Wednesday, May 5, 2010

INTERIM MANAGEMENT STATEMENT AND
Q1 PRODUCTION REPORT

Highlights

¡  Production volumes increased across all commodity businesses during the first quarter compared to the same period in 2009:

¡  Ferrochrome production rose by more than 300% and producers achieved a 35% increase in the second quarter European benchmark price to $1.36 per pound

¡  Total consolidated coal production increased by 9% to 21.7 million tonnes, with particularly strong increases in coking coal and semi-soft production and higher thermal coal volumes, despite the considerable loss of production at Rolleston due to flooding

¡  Mined copper production was 3% higher as a result of improved mining rates, grades and metallurgical recoveries at Collahuasi and Alumbrera

¡  Refined nickel production increased by 8% as Nikkelverk maintained its increased annualised capacity rate and set a monthly production record in March

¡  Zinc in concentrate production increased by 15% as a result of the ongoing transformation and expansion of the Australian operations and zinc metal production increased by 12% due to strong smelter performance

¡  On 16 February, Xstrata Copper completed the sale of its 70% interest in El Morro SCM, the holder of the El Morro copper-gold project, and associated rights and assets to New Gold Inc, for a total cash consideration of $463 million

¡  On 5 March, Glencore International AG announced its intention to exercise its option to acquire the Prodeco coal operations for $2.25 billion plus the balance of any profits accrued but not distributed to Xstrata during the period 1 January 2009 to the completion date and the net balance of any cash invested by Xstrata. The transaction completed in April 2010

¡  Xstrata Coal has now settled the majority of its annually priced thermal coal contracts with north Asian customers at prices just below $98 per tonne, representing a 38% increase over the prior Japanese contract period. 

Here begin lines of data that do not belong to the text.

text \<open>All lines but the one through \<open>x\<close> and \<open>y\<close> meet the segment in finitely many points,
  and the remaining piece is closed.\<close>
lemma segment_subset_Union_segments:
  fixes x y :: "real^2" and U V :: "'i \<Rightarrow> real^2"
  assumes "finite I" "inj_on (\<lambda>l. (\<alpha> l, \<beta> l)) I"
    and on_line: "\<And>l. l \<in> I \<Longrightarrow>
      U l \<in> nonvertical_line (\<alpha> l) (\<beta> l) \<and> V l \<in> nonvertical_line (\<alpha> l) (\<beta> l)"
    and "closed_segment x y \<subseteq> (\<Union>l\<in>I. closed_segment (U l) (V l))"
  shows "\<exists>l\<in>I. closed_segment x y \<subseteq> closed_segment (U l) (V l)"
proof (cases "x = y")
  case True
  then show ?thesis using assms(4) by auto
next
  case False
  define pt where "pt t = (1 - t) *\<^sub>R x + t *\<^sub>R y" for t :: real
  define L
    where "L = {l \<in> I. x \<in> nonvertical_line (\<alpha> l) (\<beta> l) \<and> y \<in> nonvertical_line (\<alpha> l) (\<beta> l)}"
  have L_single: "l = l'" if "l \<in> L" "l' \<in> L" for l l'
    using that nonvertical_line_unique[OF False] assms(2) unfolding L_def inj_on_def by blast
  define F where "F = (\<Union>l\<in>I - L. {t. pt t \<in> nonvertical_line (\<alpha> l) (\<beta> l)})"
  have "finite F"
    unfolding F_def pt_def L_def using assms(1) finite_segment_meets_nonvertical_line by auto
  have cover: "\<exists>l\<in>L. pt t \<in> closed_segment (U l) (V l)" if "t \<in> {0..1} - F" for t
  proof -
    have "pt t \<in> closed_segment x y"
      using that unfolding pt_def closed_segment_image_interval by auto
    then obtain l where l: "l \<in> I" "pt t \<in> closed_segment (U l) (V l)"
      using assms(4) by blast
    then have "pt t \<in> nonvertical_line (\<alpha> l) (\<beta> l)"
      using on_line[OF l(1)] closed_segment_subset convex_nonvertical_line by blast
    then show ?thesis
      using l that unfolding F_def by blast
  qed
  have "L \<noteq> {}"
  proof
    assume "L = {}"
    then have "{0..1} \<subseteq> F" using cover by blast
    then have "finite {0..1::real}"
      using \<open>finite F\<close> by (rule finite_subset)
    then show False
      using infinite_Icc[of "0::real" 1] by simp
  qed
  then obtain l0 where l0: "l0 \<in> L" by blast
  have "closed (pt -` closed_segment (U l0) (V l0))"
    unfolding pt_def by (intro continuous_closed_vimage closed_segment continuous_intros)
  moreover have "{0..1} - F \<subseteq> pt -` closed_segment (U l0) (V l0)"
    using cover L_single[OF l0] by fastforce
  ultimately have "{0..1} \<subseteq> pt -` closed_segment (U l0) (V l0)"
    using Icc_subset_closed_cofinite \<open>finite F\<close> by (metis zero_less_one)
  then show ?thesis
    using l0 unfolding L_def closed_segment_image_interval pt_def by blast
qed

¡  For prime hard coking coal, a range of spot, quarterly and annual contract business has been settled at prices ranging from $200 to $270 per tonne with an average in the upper end of the range. In view of the strong coking coal market, Xstrata has settled semi-soft coking coal contracts on a quarterly basis to June at $167 per tonne, over 114% higher than last year

¡  On 1 April, the Nickel Rim South project in Sudbury commenced full mine operation and is continuing its ramp up to reach nameplate capacity of 1.25 million tonnes of ore per annum in 2011

¡  In April, Xstrata Zinc received internal approvals for an AUD133 million expansion to its Black Star Open Cut (BSOC) mine in Mount Isa, Australia. The project will extend the mine life at current production rates by four years to 2016

¡  In January, the board of the Antamina copper-zinc mine in Peru, in which Xstrata has a 33.75% interest, approved a $1.3 billion expansion to expand ore processing capacity at its mine site by 38% to 130,000 tonnes per day

¡  In January, Xstrata Copper announced a resource update at its Frieda River copper-gold project in Papua New Guinea. The new resource estimate indicates a Measured, Indicated and Inferred Resource of over 1 billion tonnes at 0.53% copper, 0.29 g/t gold and 0.8 g/t silver, using a cut-off grade of 0.3% copper

¡  During the period, three-year collective labour agreements have been signed at Xstrata Copper’s Altonorte metallurgical complex in Chile; at Xstrata Nickel operations in Sudbury, Canada and at Xstrata Zinc’s Brunswick mine, Canada

In the period from 1 January 2010, Xstrata’s operating and financial performance continues to be strong and the company’s financial position remains robust.

Xstrata plc will announce half-yearly results for the period from 1 January to 30 June 2010 on 3 August 2010.